But, he said, "I'm not going to tell you that we would be prepared to the level that both the president and the country desires.

"It is going to take us several years to develop the capacity that we always will have to sustain in terms of being able to equip all of our major metropolitan areas with the kind of response capacity that they need to go forward," he said.

Asked whether another terror attack is inevitable, Ridge said, "The answer is yes."

Ridge's remarks echoed the view of a government task force that warned last week that "America remains dangerously unprepared to prevent and respond to a catastrophic terrorist attack on U.S. soil." CIA Director George Tenet said this month that Osama bin Laden's al Qaeda terror network probably will attempt a strike against the United States soon.

Ridge next week goes on his first major trip to Europe as chief of the White House's Office of Homeland Security. He travels to Belgium, Holland and England to meet with world leaders and survey American efforts to secure ports processing U.S.-bound cargo.

"It is a global problem," Ridge said as he previewed the trip for European reporters. He spoke in the Wardroom, a cramped conference room in the basement of the White House West Wing. "There are global vulnerabilities and we need global solutions, and it's to that end that we engage the broader community."

In Belgium, Ridge plans to talk on Monday with European Union commissioners and EU foreign and security policy chief Javier Solana. He will also meet with NATO Secretary-General George Robertson and attend a session of the North Atlantic Council, NATO's political authority.

In the Netherlands, Ridge on Tuesday is seeing Dutch Prime Minister Jan Peter Balkenende and touring the port at Rotterdam to inspect the newly inaugurated Container Security Initiative, in which American customs agents screen high-risk U.S.-bound cargo before it leaves foreign ports.

In London on Wednesday and Thursday, Ridge sits down with members of the British government and security agencies and gives a speech at Kings College.

But Ridge's trip was largely meant to gather information and build relationships with other leaders on security issues.

"As I take a look at Europe and the history that our allies have had with terrorism, I don't think they need any message on terrorism from the assistant to the president on homeland security," Ridge said. "They've had to deal with the death and destruction of terrorism in many instances for literally decades."

Ridge's trip comes at a time when the administration's centerpiece domestic-security initiative has stalled at home.

President Bush proposed a sweeping reorganization of the government to create a Department of Homeland Security, plucking existing pieces of the federal bureaucracy into a new agency that would have 170,000 employees. The Democratic-controlled Senate has refused to go along by passing legislation that would establish the department.

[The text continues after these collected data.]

lemma cond_prob_selection_proportional:
  fixes U1 U2 :: "'a \<Rightarrow> real"
  assumes [measurable]: "Measurable.pred M G" "U1 \<in> borel_measurable M" "U2 \<in> borel_measurable M"
    and "mono p" "mono q"
    and stationary: "\<And>g C. C \<in> sets borel \<Longrightarrow>
      \<P>(\<omega> in M. U1 \<omega> \<in> C \<bar> G \<omega> = g) = \<P>(\<omega> in M. U2 \<omega> \<in> C \<bar> G \<omega> = g)"
    and indep: "\<And>g C. C \<in> sets borel \<Longrightarrow>
      \<P>(\<omega> in M. U1 \<omega> \<in> C \<and> G \<omega> = g \<bar> p (U1 \<omega>))
        = \<P>(\<omega> in M. U1 \<omega> \<in> C \<bar> p (U1 \<omega>)) * \<P>(\<omega> in M. G \<omega> = g \<bar> p (U1 \<omega>))"
    and atomless: "\<And>x. prob {\<omega>\<in>space M. U1 \<omega> = x} = 0"
    and support: "\<And>g g'. cond_support M U1 (\<lambda>\<omega>. G \<omega> = g) = cond_support M U1 (\<lambda>\<omega>. G \<omega> = g')"
    and absorbing: "\<And>\<omega>. G \<omega> = g0 \<Longrightarrow> q (U2 \<omega>) \<Longrightarrow> p (U1 \<omega>)"
  shows "\<exists>r. \<forall>g. \<P>(\<omega> in M. q (U2 \<omega>) \<bar> G \<omega> = g) = r * \<P>(\<omega> in M. p (U1 \<omega>) \<bar> G \<omega> = g)"
  using mono_pred_linear[OF \<open>mono p\<close> \<open>mono q\<close>]
proof
  assume "\<forall>u. p u \<longrightarrow> q u"
  then show ?thesis
    using cond_prob_selection_eq_of_absorbing[OF assms(1-5) _ stationary atomless support absorbing]
    by (intro exI[of _ 1]) simp
next
  assume "\<forall>u. q u \<longrightarrow> p u"
  then show ?thesis
    using cond_prob_selection_proportional_of_cond_indep[OF assms(1-5) _ stationary indep] by blast
qed

lemma selection_probabilities_of_proportional:
  assumes [measurable]: "Measurable.pred M G" "Measurable.pred M S1" "Measurable.pred M S20"
      "Measurable.pred M S21"
    and S2_eq: "\<And>\<omega>. S2 \<omega> = (if G \<omega> then S21 \<omega> else S20 \<omega>)"
    and absorbing: "\<And>\<omega>. \<not> S1 \<omega> \<Longrightarrow> \<not> S2 \<omega>"
    and monotone: "\<And>\<omega>. S20 \<omega> \<Longrightarrow> S21 \<omega>"
    and treated_pos: "\<P>(\<omega> in M. S2 \<omega> \<bar> G \<omega>) > 0"
    and untreated_pos: "\<P>(\<omega> in M. S2 \<omega> \<bar> \<not> G \<omega>) > 0"
    and treated_prop: "\<P>(\<omega> in M. S20 \<omega> \<bar> G \<omega>) = r * \<P>(\<omega> in M. S1 \<omega> \<bar> G \<omega>)"
    and untreated_prop: "\<P>(\<omega> in M. S20 \<omega> \<bar> \<not> G \<omega>) = r * \<P>(\<omega> in M. S1 \<omega> \<bar> \<not> G \<omega>)"
  shows "\<P>(\<omega> in M. S21 \<omega> \<bar> \<not> G \<omega> \<and> S20 \<omega>) = 1 \<and>
    \<P>(\<omega> in M. S20 \<omega> \<bar> G \<omega> \<and> S21 \<omega>)
      = \<P>(\<omega> in M. S20 \<omega> \<bar> G \<omega>) / \<P>(\<omega> in M. S2 \<omega> \<bar> G \<omega>) \<and>
    \<P>(\<omega> in M. S20 \<omega> \<bar> G \<omega> \<and> S21 \<omega>)
      = (\<P>(\<omega> in M. S1 \<omega> \<bar> G \<omega>) / \<P>(\<omega> in M. S2 \<omega> \<bar> G \<omega>)) *
        (\<P>(\<omega> in M. S2 \<omega> \<bar> \<not> G \<omega>) / \<P>(\<omega> in M. S1 \<omega> \<bar> \<not> G \<omega>)) \<and>
    \<P>(\<omega> in M. S20 \<omega> \<bar> G \<omega> \<and> S21 \<omega>) \<in> {0..1}"
proof -
  have [measurable]: "Measurable.pred M S2"
    unfolding S2_eq[abs_def] by measurable
  have treated: "\<P>(\<omega> in M. S21 \<omega> \<bar> G \<omega>) = \<P>(\<omega> in M. S2 \<omega> \<bar> G \<omega>)"
    and untreated: "\<P>(\<omega> in M. S20 \<omega> \<bar> \<not> G \<omega>) = \<P>(\<omega> in M. S2 \<omega> \<bar> \<not> G \<omega>)"
    by (simp_all add: cond_prob_def S2_eq cong: rev_conj_cong)
  have G_nonnull: "prob {\<omega>\<in>space M. G \<omega>} \<noteq> 0"
    and untreated_nonnull: "prob {\<omega>\<in>space M. \<not> G \<omega> \<and> S20 \<omega>} \<noteq> 0"
    using treated_pos untreated_pos untreated by (auto simp: cond_prob_def conj_commute)
  have "\<P>(\<omega> in M. S2 \<omega> \<bar> \<not> G \<omega>) \<le> \<P>(\<omega> in M. S1 \<omega> \<bar> \<not> G \<omega>)"
    by (rule cond_prob_mono) (measurable, use absorbing in auto)
  then have r_eq: "r = \<P>(\<omega> in M. S2 \<omega> \<bar> \<not> G \<omega>) / \<P>(\<omega> in M. S1 \<omega> \<bar> \<not> G \<omega>)"
    using untreated_prop untreated untreated_pos by simp
  have "(\<lambda>\<omega>. S20 \<omega> \<and> S21 \<omega>) = S20"
    using monotone by auto
  then have pi1: "\<P>(\<omega> in M. S20 \<omega> \<bar> G \<omega> \<and> S21 \<omega>)
      = \<P>(\<omega> in M. S20 \<omega> \<bar> G \<omega>) / \<P>(\<omega> in M. S2 \<omega> \<bar> G \<omega>)"
    using cond_prob_conj_cond[OF G_nonnull, of S20 S21] treated by simp
  show ?thesis
  proof (intro conjI pi1)
    show "\<P>(\<omega> in M. S21 \<omega> \<bar> \<not> G \<omega> \<and> S20 \<omega>) = 1"
      using untreated_nonnull monotone by (intro cond_prob_eq_1) auto
    show "\<P>(\<omega> in M. S20 \<omega> \<bar> G \<omega> \<and> S21 \<omega>)
      = (\<P>(\<omega> in M. S1 \<omega> \<bar> G \<omega>) / \<P>(\<omega> in M. S2 \<omega> \<bar> G \<omega>)) *
        (\<P>(\<omega> in M. S2 \<omega> \<bar> \<not> G \<omega>) / \<P>(\<omega> in M. S1 \<omega> \<bar> \<not> G \<omega>))"
      using pi1 treated_prop r_eq by (simp add: ac_simps)
    show "\<P>(\<omega> in M. S20 \<omega> \<bar> G \<omega> \<and> S21 \<omega>) \<in> {0..1}"
      using cond_prob_nonneg cond_prob_le_1 by simp
  qed
qed
theorem lemma2p3:
  fixes p :: nat and G :: "('g, 'b) monoid_scheme" and T :: "'g topology"
    and \<theta> :: "'g \<Rightarrow> nat \<Rightarrow> int"
  assumes "prime p"
    and "profinite_group G T"
    and "p_orientation p G T \<theta>"
    and "formal_hilbert90 p G T \<theta>"
  shows "\<forall>H n. open_subgroup H G T \<and> n \<ge> 1 \<longrightarrow>
           reduce p (n - 1) ` Z1 p G T \<theta> H n = Z1 p G T \<theta> H (n - 1) \<and>
           h1_class p G T \<theta> H (n - 1) ` reduce p (n - 1) ` Z1 p G T \<theta> H n
             = H1 p G T \<theta> H (n - 1)"
proof (intro allI impI)
  fix H and n :: nat
  assume H: "open_subgroup H G T \<and> n \<ge> 1"
  interpret hilbert90_subgroup p G T \<theta> H n
    using assms(1,3,4) H prime_gt_0_nat
    unfolding hilbert90_subgroup_def hilbert90_subgroup_axioms_def p_oriented_subgroup_def
      formal_hilbert90_def open_subgroup_def
    by blast
  have "reduce p (n - 1) ` Z1 p G T \<theta> H n = Z1 p G T \<theta> H (n - 1)"
  proof
    show "reduce p (n - 1) ` Z1 p G T \<theta> H n \<subseteq> Z1 p G T \<theta> H (n - 1)"
      using reduce_in_Z1[of _ n "n - 1"] by auto
    show "Z1 p G T \<theta> H (n - 1) \<subseteq> reduce p (n - 1) ` Z1 p G T \<theta> H n"
      by (metis Z1_lift image_eqI subsetI)
  qed
  then show "reduce p (n - 1) ` Z1 p G T \<theta> H n = Z1 p G T \<theta> H (n - 1) \<and>
      h1_class p G T \<theta> H (n - 1) ` reduce p (n - 1) ` Z1 p G T \<theta> H n = H1 p G T \<theta> H (n - 1)"
    unfolding H1_def by simp
qed

end
definition H1_with_deriv :: "real set \<Rightarrow> (real \<Rightarrow> complex \<times> complex) \<Rightarrow> (real \<Rightarrow> complex \<times> complex) \<Rightarrow> bool" where
  "H1_with_deriv S f g \<longleftrightarrow> L2_on S f \<and> L2_on S g \<and> continuous_on (closure S) f \<and>
     (\<forall>x\<in>closure S. \<forall>y\<in>closure S. x \<le> y \<longrightarrow> (g has_integral (f y - f x)) {x..y})"

text \<open>Charge conjugation C and the Dirac expression -i sigma1 phi' + m sigma3 phi.\<close>
definition Cop :: "gfun \<Rightarrow> gfun" where
  "Cop \<Phi> = (\<lambda>j x. (cnj (snd (\<Phi> j x)), cnj (fst (\<Phi> j x))))"

definition dirac_expr :: "real \<Rightarrow> complex \<times> complex \<Rightarrow> complex \<times> complex \<Rightarrow> complex \<times> complex" where
  "dirac_expr m \<phi> g = (- \<i> * snd g + complex_of_real m * fst \<phi>,
                        - \<i> * fst g - complex_of_real m * snd \<phi>)"

text \<open>Graph of the restriction of D^max to {Phi in H1 : bc (Gamma1 Phi) (Gamma2 Phi)};
the image is determined up to a.e. equality on each edge.\<close>
definition D_graph :: "mgraph \<Rightarrow> real \<Rightarrow> (cvec \<Rightarrow> cvec \<Rightarrow> bool) \<Rightarrow> (gfun \<times> gfun) set" where
  "D_graph G m bc = {(\<Phi>, \<Psi>).
     (\<forall>j<nE G. L2_on (edge_int G j) (\<Psi> j) \<and>
        (\<exists>g. H1_with_deriv (edge_int G j) (\<Phi> j) g \<and>
             (AE x in lborel. x \<in> edge_int G j \<longrightarrow> \<Psi> j x = dirac_expr m (\<Phi> j x) (g x)))) \<and>
     bc (Gamma1 G \<Phi>) (Gamma2 G \<Phi>)}"

definition D_LambdaW :: "mgraph \<Rightarrow> real \<Rightarrow> (cvec \<times> cvec) set \<Rightarrow> (gfun \<times> gfun) set" where
  "D_LambdaW G m L = D_graph G m (\<lambda>x y. (Wm G x, Wm G y) \<in> L)"

definition D_LambdaC :: "mgraph \<Rightarrow> real \<Rightarrow> (cvec \<times> cvec) set \<Rightarrow> (gfun \<times> gfun) set" where
  "D_LambdaC G m L = D_graph G m (\<lambda>x y. (x, y) \<in> LambdaC G L)"

end

theory Submission
  imports Defs
begin

text \<open>Pointwise, C is the map \<open>(a, b) \<mapsto> (cnj b, cnj a)\<close>, a real-linear isometry of \<open>\<complex>\<^sup>2\<close>
that anticommutes with the Dirac expression (m being real). Hence \<open>\<Phi> \<mapsto> C\<Phi>\<close> preserves
\<open>L\<^sup>2\<close> and \<open>H\<^sup>1\<close> edgewise and \<open>D\<^sup>m\<^sup>a\<^sup>x C\<Phi> = - C D\<^sup>m\<^sup>a\<^sup>x \<Phi>\<close>. On boundary values C exchanges the two
traces up to the antilinear involution \<open>V\<^sub>C\<close>: \<open>\<Gamma>\<^sup>1 C\<Phi> = V\<^sub>C \<Gamma>\<^sup>2 \<Phi>\<close> and \<open>\<Gamma>\<^sup>2 C\<Phi> = V\<^sub>C \<Gamma>\<^sup>1 \<Phi>\<close>.
Since W is a bijective relabelling of coordinates, \<open>(\<Gamma>\<^sup>1 C\<Phi>, \<Gamma>\<^sup>2 C\<Phi>) \<in> \<Lambda>\<^sub>C\<close> is then
equivalent to \<open>(W\<Gamma>\<^sup>1\<Phi>, W\<Gamma>\<^sup>2\<Phi>) \<in> \<Lambda>\<close>.\<close>

definition charge_conj :: "complex \<times> complex \<Rightarrow> complex \<times> complex" where
  "charge_conj z = (cnj (snd z), cnj (fst z))"

lemma charge_conj_involutive [simp]: "charge_conj (charge_conj z) = z"
  by (simp add: charge_conj_def)

lemma charge_conj_minus [simp]: "charge_conj (- z) = - charge_conj z"
  by (simp add: charge_conj_def)

lemma norm_charge_conj [simp]: "norm (charge_conj z) = norm z"
  by (simp add: charge_conj_def norm_prod_def add.commute)

lemma bounded_linear_charge_conj: "bounded_linear charge_conj"
  unfolding charge_conj_def
  by (intro bounded_linear_Pair bounded_linear_compose[OF bounded_linear_cnj]
        bounded_linear_fst bounded_linear_snd)

lemma dirac_expr_charge_conj:
  "dirac_expr m (charge_conj \<phi>) (charge_conj g) = - charge_conj (dirac_expr m \<phi> g)"
  by (simp add: charge_conj_def dirac_expr_def)

lemma Cop_eq_charge_conj: "Cop \<Phi> j = (\<lambda>x. charge_conj (\<Phi> j x))"
  by (simp add: Cop_def charge_conj_def)

lemma L2_on_isometry:
  assumes T: "bounded_linear T" and norm_T: "\<And>z. norm (T z) = norm z" and f: "L2_on S f"
  shows "L2_on S (\<lambda>x. T (f x))"
proof -
  interpret T: bounded_linear T by (rule T)
  have "(\<lambda>x. indicator S x *\<^sub>R f x) \<in> borel_measurable lborel"
    using f by (simp add: L2_on_def)
  then have "(\<lambda>x. T (indicator S x *\<^sub>R f x)) \<in> borel_measurable lborel"
    by (rule borel_measurable_continuous_on[OF T.continuous_on[OF continuous_on_id]])
  then show ?thesis
    using f by (simp add: L2_on_def norm_T T.scale)
qed

lemma H1_with_deriv_isometry:
  assumes T: "bounded_linear T" and norm_T: "\<And>z. norm (T z) = norm z"
    and f: "H1_with_deriv S f g"
  shows "H1_with_deriv S (\<lambda>x. T (f x)) (\<lambda>x. T (g x))"
proof -
  interpret T: bounded_linear T by (rule T)
  have "((\<lambda>x. T (g x)) has_integral (T (f y) - T (f x))) {x..y}"
    if "x \<in> closure S" "y \<in> closure S" "x \<le> y" for x y
    using has_integral_linear[OF _ T, of g "f y - f x" "{x..y}"] f that
    by (auto simp: H1_with_deriv_def T.diff comp_def)
  then show ?thesis
    using f L2_on_isometry[OF T norm_T]
    by (auto simp: H1_with_deriv_def intro!: T.continuous_on)
qed

definition dirac_edge_solution ::
    "real set \<Rightarrow> real \<Rightarrow> (real \<Rightarrow> complex \<times> complex) \<Rightarrow> (real \<Rightarrow> complex \<times> complex) \<Rightarrow> bool" where
  "dirac_edge_solution S m \<phi> \<psi> \<longleftrightarrow> L2_on S \<psi> \<and>
     (\<exists>g. H1_with_deriv S \<phi> g \<and> (AE x in lborel. x \<in> S \<longrightarrow> \<psi> x = dirac_expr m (\<phi> x) (g x)))"

lemma D_graph_iff:
  "(\<Phi>, \<Psi>) \<in> D_graph G m bc \<longleftrightarrow>
     (\<forall>j<nE G. dirac_edge_solution (edge_int G j) m (\<Phi> j) (\<Psi> j)) \<and> bc (Gamma1 G \<Phi>) (Gamma2 G \<Phi>)"
  by (simp add: D_graph_def dirac_edge_solution_def)

lemma dirac_edge_solution_charge_conj:
  assumes "dirac_edge_solution S m \<phi> \<psi>"
  shows "dirac_edge_solution S m (\<lambda>x. charge_conj (\<phi> x)) (\<lambda>x. - charge_conj (\<psi> x))"
proof -
  obtain g where g: "H1_with_deriv S \<phi> g"
    and eq: "AE x in lborel. x \<in> S \<longrightarrow> \<psi> x = dirac_expr m (\<phi> x) (g x)"
    using assms by (auto simp: dirac_edge_solution_def)
  have "L2_on S (\<lambda>x. - charge_conj (\<psi> x))"
    using assms bounded_linear_minus[OF bounded_linear_charge_conj]
    by (auto simp: dirac_edge_solution_def intro: L2_on_isometry)
  moreover have "H1_with_deriv S (\<lambda>x. charge_conj (\<phi> x)) (\<lambda>x. charge_conj (g x))"
    using H1_with_deriv_isometry[OF bounded_linear_charge_conj _ g] by simp
  moreover have "AE x in lborel. x \<in> S \<longrightarrow>
      - charge_conj (\<psi> x) = dirac_expr m (charge_conj (\<phi> x)) (charge_conj (g x))"
    using eq by eventually_elim (simp add: dirac_expr_charge_conj)
  ultimately show ?thesis
    by (auto simp: dirac_edge_solution_def)
qed

lemma dirac_edge_solution_charge_conj_iff:
  "dirac_edge_solution S m (\<lambda>x. charge_conj (\<phi> x)) \<psi> \<longleftrightarrow>
   dirac_edge_solution S m \<phi> (\<lambda>x. - charge_conj (\<psi> x))"
  using dirac_edge_solution_charge_conj[of S m "\<lambda>x. charge_conj (\<phi> x)" \<psi>]
    dirac_edge_solution_charge_conj[of S m \<phi> "\<lambda>x. - charge_conj (\<psi> x)"]
  by auto

lemma distinct_concat_map_keyed:
  assumes "distinct xs"
    and "\<And>j. j \<in> set xs \<Longrightarrow> distinct (h j) \<and> (\<forall>p\<in>set (h j). key p = j)"
  shows "distinct (concat (map h xs))"
  using assms
proof (induction xs)
  case Nil
  then show ?case by simp
next
  case (Cons a xs)
  have "set (h a) \<inter> set (concat (map h xs)) = {}"
  proof (rule ccontr)
    assume "set (h a) \<inter> set (concat (map h xs)) \<noteq> {}"
    then obtain p b where "p \<in> set (h a)" "b \<in> set xs" "p \<in> set (h b)"
      by auto
    then have "key p = a" "key p = b"
      using Cons.prems(2) by auto
    with \<open>b \<in> set xs\<close> Cons.prems(1) show False
      by auto
  qed
  then show ?case
    using Cons by auto
qed

lemma set_labG: "set (labG G) = {(j, v). j < nE G \<and> v \<in> endpts G j}"
  unfolding labG_def endpts_def by (auto split: if_splits)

The Senate and the administration are locked in a dispute over labor protections for the department's workers. Under the Senate Democrats' proposal, before the president could waive union rights for workers in the new department, a worker's job would have to change substantially. Also, a majority of workers in that unit would have to be involved in terrorism-related investigative or intelligence work. President Bush says those rules would impair his ability to move swiftly against terrorists.

Ridge said that whether Democrats or Republicans control the Senate after Tuesday's elections, he is optimistic that the Senate will give Mr. Bush the department he wants in coming weeks.

"I'm optimistic in the weeks ahead that the Senate will do the right thing," Ridge said.

"I still want to believe in my heart of hearts that senators know that the president should retain his national security authority," Ridge said. "In their heart of hearts, they know he has to have the flexibility to move people and resources around."